◆ Exercise material

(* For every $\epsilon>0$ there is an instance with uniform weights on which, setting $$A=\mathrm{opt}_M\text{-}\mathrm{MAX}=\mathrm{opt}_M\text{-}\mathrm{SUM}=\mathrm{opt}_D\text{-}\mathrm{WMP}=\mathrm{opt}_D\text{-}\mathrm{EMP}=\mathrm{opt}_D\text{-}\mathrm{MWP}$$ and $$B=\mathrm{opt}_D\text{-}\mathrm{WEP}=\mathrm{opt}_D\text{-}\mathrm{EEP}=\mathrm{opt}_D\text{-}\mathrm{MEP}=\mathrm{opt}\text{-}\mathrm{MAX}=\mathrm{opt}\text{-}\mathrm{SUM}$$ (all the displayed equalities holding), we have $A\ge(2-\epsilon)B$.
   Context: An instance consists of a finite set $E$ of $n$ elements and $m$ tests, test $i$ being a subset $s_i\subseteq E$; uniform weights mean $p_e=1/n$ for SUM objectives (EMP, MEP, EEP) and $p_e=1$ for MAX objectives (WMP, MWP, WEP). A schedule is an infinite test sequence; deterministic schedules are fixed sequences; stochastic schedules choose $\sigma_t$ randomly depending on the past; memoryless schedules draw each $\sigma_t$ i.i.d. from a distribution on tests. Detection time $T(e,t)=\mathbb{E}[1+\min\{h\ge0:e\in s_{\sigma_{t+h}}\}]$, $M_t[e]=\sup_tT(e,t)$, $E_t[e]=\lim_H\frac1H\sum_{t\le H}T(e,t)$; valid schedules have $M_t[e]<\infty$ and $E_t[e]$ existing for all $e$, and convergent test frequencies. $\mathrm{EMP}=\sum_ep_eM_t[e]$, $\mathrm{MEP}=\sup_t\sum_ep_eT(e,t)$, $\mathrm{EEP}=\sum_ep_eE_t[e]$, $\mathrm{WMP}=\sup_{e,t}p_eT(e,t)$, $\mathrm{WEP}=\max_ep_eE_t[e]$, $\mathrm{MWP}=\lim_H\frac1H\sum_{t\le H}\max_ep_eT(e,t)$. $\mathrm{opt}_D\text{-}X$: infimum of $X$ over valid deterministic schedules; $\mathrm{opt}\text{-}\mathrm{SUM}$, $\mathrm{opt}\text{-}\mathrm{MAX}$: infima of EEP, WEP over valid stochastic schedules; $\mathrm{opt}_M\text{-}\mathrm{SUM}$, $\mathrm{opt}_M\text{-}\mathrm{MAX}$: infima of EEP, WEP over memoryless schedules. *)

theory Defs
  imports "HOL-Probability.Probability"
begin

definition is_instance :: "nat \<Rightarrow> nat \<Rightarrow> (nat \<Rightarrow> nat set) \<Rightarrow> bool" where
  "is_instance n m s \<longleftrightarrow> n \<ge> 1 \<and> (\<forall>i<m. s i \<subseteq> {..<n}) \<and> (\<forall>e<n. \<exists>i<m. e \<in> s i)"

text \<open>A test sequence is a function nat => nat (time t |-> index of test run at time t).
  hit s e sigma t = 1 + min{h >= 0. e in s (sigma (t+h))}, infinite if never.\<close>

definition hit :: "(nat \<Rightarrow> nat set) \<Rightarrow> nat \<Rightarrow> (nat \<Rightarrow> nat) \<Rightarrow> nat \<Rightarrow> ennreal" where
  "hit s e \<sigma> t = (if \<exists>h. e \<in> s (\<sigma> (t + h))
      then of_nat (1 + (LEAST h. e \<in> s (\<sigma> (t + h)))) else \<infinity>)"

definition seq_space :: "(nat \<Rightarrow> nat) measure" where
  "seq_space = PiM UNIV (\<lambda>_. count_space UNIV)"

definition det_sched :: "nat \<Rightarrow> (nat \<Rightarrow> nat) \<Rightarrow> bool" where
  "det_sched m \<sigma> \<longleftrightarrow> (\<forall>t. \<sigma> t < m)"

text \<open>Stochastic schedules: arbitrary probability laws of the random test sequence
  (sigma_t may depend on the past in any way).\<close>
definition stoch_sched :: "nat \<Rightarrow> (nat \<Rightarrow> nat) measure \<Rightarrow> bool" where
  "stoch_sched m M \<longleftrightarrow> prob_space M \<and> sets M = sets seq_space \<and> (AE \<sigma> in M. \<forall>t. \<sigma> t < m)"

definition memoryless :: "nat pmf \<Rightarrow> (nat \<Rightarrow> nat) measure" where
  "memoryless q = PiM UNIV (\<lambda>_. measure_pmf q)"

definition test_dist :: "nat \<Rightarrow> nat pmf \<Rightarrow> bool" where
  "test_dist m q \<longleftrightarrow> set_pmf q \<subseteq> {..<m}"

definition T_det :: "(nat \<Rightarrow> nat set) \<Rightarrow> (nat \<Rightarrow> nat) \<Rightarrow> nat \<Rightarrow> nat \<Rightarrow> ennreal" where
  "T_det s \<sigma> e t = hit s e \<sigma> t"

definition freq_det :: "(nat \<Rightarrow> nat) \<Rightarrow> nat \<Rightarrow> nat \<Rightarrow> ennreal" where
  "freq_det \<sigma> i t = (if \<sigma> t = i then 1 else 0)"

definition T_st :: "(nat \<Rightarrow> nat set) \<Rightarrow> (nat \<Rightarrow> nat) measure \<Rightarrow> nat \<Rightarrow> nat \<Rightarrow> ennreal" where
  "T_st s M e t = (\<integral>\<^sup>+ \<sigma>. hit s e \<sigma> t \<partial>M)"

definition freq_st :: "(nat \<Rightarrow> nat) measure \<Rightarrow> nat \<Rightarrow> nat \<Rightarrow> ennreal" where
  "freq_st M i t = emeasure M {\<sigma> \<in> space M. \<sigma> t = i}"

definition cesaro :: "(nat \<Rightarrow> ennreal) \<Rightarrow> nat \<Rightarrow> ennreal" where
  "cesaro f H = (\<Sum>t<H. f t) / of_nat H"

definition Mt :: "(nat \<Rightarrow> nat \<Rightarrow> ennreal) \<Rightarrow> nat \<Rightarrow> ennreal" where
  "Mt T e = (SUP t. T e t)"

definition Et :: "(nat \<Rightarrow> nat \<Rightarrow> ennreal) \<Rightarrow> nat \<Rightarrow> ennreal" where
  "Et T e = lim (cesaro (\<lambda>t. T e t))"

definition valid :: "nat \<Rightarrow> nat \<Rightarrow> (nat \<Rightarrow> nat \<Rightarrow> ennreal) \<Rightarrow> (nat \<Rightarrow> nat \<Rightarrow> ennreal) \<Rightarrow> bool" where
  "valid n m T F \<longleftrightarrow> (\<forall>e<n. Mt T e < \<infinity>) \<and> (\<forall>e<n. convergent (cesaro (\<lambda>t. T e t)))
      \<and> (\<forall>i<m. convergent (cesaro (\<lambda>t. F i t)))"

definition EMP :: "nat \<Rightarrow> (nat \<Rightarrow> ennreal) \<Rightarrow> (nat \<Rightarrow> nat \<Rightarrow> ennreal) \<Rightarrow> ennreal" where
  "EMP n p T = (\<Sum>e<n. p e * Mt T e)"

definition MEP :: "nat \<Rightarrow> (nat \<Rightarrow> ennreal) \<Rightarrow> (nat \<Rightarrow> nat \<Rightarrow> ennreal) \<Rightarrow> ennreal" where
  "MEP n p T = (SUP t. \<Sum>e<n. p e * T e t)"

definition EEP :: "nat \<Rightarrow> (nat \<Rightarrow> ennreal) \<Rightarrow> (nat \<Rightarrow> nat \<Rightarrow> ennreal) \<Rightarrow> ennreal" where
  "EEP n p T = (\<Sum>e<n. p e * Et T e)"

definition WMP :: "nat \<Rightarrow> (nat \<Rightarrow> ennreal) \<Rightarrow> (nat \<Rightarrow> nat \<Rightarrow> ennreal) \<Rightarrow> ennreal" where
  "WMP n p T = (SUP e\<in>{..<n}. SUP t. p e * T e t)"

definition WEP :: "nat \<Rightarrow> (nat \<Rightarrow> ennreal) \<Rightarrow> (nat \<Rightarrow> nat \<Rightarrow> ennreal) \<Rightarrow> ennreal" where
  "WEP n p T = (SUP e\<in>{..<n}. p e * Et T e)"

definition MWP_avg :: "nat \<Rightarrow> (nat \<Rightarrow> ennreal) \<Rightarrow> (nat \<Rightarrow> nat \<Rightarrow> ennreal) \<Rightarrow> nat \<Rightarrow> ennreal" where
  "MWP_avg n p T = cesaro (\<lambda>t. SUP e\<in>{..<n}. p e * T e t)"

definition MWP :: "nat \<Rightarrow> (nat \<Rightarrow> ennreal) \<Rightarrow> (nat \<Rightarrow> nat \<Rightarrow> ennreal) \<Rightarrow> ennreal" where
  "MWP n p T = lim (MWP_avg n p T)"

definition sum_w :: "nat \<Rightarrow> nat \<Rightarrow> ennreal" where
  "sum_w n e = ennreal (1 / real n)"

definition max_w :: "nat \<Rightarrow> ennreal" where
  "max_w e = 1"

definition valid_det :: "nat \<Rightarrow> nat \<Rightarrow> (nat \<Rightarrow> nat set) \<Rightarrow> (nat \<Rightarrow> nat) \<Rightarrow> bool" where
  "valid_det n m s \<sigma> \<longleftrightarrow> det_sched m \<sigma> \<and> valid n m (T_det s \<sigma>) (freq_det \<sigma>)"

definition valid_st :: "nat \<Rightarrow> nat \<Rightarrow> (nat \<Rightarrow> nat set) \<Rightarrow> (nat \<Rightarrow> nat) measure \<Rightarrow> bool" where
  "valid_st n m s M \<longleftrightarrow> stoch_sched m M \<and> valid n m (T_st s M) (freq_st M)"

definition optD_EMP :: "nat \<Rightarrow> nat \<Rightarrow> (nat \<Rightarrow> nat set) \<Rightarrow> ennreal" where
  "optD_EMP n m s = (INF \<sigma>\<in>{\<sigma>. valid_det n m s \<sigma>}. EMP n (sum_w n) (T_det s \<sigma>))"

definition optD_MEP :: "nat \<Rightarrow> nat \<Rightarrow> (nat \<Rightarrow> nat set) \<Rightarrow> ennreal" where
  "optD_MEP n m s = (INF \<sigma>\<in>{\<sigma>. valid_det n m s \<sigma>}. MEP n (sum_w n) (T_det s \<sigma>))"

* * *

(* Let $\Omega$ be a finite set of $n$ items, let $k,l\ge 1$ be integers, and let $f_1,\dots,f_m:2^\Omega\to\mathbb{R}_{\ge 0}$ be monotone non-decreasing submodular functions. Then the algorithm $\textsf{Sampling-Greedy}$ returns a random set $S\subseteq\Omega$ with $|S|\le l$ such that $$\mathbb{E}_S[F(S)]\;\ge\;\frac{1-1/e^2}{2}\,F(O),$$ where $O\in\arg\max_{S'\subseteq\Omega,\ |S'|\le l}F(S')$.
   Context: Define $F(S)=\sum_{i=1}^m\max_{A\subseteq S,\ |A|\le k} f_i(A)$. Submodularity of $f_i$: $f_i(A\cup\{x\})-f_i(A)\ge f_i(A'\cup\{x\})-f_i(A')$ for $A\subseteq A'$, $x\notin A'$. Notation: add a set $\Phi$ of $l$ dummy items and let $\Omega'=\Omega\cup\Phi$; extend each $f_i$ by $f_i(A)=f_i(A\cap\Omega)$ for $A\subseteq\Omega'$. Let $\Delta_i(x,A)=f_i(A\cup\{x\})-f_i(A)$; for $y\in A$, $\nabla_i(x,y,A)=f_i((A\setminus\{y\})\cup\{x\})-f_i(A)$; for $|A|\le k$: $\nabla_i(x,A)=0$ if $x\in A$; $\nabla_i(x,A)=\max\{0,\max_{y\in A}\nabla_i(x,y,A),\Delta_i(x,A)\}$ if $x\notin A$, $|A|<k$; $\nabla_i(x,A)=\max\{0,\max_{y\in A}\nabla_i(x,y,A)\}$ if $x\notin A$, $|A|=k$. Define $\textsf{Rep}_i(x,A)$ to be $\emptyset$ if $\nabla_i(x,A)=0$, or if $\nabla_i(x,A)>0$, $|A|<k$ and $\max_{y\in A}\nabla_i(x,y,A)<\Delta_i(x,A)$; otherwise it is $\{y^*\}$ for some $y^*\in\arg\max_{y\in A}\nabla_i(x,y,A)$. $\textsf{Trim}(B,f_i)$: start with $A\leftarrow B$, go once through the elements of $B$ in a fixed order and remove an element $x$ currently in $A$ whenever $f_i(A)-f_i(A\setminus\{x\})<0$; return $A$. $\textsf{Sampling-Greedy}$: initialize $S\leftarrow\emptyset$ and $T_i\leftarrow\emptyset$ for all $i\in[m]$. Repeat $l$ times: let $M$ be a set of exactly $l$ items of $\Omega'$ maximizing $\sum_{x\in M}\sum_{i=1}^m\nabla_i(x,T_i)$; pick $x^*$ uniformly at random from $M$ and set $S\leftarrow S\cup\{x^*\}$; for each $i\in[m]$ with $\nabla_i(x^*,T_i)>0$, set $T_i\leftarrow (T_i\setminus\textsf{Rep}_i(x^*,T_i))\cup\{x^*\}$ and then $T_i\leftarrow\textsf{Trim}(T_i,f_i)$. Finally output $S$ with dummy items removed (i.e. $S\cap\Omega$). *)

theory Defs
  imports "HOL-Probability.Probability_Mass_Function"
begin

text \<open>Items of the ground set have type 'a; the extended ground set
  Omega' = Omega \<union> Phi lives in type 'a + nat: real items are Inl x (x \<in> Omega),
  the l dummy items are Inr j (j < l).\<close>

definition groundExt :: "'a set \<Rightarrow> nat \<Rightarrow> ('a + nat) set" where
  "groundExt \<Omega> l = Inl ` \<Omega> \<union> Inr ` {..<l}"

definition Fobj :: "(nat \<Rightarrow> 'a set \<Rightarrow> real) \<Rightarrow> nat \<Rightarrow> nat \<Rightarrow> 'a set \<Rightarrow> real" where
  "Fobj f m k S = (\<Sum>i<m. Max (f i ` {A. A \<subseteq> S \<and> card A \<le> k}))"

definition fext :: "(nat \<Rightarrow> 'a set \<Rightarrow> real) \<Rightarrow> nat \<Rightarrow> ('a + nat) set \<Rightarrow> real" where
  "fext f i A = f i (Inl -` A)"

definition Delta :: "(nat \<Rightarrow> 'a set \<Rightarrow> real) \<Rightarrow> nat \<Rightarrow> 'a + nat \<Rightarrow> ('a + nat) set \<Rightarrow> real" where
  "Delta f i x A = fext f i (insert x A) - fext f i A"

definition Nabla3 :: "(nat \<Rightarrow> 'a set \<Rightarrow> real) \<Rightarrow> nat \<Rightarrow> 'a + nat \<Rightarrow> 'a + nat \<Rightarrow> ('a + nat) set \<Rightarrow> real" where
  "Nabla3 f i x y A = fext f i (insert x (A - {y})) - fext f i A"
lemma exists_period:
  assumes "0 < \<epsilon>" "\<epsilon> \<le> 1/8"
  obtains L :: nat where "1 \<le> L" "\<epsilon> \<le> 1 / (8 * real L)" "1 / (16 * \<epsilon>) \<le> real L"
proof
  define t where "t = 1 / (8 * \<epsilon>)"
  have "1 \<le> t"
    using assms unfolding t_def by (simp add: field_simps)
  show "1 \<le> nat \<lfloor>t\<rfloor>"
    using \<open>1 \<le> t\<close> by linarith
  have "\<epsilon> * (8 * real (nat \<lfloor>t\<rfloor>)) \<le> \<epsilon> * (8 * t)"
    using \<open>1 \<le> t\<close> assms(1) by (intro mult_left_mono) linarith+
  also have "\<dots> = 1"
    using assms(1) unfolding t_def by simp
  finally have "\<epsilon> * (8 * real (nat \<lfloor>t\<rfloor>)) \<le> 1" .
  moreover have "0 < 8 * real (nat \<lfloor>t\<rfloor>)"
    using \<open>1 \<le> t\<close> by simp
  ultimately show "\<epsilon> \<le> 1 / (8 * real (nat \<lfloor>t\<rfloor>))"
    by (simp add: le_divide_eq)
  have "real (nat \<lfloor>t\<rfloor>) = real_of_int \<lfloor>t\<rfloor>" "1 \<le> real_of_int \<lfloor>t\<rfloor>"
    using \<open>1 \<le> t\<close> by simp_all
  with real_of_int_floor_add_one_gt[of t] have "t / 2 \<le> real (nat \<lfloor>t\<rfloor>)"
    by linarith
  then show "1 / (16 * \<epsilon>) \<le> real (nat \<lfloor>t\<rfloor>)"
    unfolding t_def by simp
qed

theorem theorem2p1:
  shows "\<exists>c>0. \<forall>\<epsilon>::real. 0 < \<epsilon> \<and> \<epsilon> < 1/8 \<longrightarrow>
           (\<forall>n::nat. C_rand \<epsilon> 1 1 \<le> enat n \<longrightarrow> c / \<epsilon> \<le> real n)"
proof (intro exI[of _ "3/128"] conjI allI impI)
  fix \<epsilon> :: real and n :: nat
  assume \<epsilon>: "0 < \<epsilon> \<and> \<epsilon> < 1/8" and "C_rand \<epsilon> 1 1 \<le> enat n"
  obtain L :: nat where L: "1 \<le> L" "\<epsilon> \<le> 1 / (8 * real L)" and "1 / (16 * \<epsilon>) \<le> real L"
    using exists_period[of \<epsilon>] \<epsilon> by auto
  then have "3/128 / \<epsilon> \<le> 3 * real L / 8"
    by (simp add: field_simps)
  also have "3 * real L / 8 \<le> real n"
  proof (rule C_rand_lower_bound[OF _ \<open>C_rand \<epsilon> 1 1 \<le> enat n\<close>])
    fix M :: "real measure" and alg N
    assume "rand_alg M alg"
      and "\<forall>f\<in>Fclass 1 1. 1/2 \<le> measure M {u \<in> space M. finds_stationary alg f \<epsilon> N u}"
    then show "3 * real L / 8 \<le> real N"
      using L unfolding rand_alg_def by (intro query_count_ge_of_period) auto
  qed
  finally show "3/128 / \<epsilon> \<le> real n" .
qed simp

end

...

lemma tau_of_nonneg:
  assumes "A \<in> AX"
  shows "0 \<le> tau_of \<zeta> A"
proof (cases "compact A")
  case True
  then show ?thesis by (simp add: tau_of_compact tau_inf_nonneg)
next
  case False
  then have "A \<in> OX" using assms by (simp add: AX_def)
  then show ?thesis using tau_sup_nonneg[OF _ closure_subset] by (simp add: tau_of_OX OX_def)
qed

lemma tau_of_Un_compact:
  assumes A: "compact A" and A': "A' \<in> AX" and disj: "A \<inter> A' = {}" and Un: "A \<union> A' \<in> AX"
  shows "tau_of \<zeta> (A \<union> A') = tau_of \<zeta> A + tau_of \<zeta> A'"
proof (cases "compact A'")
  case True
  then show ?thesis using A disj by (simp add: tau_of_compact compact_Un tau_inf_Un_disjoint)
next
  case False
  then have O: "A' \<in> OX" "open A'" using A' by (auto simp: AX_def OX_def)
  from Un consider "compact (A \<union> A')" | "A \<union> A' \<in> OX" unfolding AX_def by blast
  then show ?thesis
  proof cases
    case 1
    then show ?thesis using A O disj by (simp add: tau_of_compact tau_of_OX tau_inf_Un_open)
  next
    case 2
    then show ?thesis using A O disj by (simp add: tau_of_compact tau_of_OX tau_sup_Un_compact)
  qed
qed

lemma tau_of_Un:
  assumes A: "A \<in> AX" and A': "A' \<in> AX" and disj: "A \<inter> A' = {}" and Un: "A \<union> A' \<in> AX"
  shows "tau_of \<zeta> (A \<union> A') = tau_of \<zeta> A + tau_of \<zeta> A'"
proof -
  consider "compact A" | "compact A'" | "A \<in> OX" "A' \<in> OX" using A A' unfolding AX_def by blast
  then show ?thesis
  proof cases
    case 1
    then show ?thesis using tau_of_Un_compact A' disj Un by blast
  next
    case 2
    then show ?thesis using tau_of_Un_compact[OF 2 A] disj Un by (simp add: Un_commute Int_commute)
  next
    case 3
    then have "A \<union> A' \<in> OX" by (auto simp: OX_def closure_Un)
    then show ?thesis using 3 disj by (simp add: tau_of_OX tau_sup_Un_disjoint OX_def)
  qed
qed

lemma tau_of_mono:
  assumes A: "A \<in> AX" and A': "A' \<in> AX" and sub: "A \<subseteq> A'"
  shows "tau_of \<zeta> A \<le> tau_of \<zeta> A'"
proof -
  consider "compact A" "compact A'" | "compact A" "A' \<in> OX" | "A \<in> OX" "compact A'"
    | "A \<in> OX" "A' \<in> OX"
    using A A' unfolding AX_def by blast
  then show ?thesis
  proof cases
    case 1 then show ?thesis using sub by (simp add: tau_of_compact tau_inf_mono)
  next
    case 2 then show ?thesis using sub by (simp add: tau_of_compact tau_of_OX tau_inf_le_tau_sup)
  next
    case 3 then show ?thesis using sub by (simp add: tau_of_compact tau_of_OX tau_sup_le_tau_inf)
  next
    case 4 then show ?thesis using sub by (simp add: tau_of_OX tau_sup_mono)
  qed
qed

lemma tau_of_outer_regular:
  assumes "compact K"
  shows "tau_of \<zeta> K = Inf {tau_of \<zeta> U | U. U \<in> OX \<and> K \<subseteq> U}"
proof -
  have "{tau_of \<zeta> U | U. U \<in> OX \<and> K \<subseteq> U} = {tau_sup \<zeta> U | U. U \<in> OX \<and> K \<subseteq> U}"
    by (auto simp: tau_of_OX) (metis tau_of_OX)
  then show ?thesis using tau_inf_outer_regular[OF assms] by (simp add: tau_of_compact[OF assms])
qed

◆ Exercise goal
Your answer should be a single number: the count of lines above with the word "union".

◆ Exercise output
8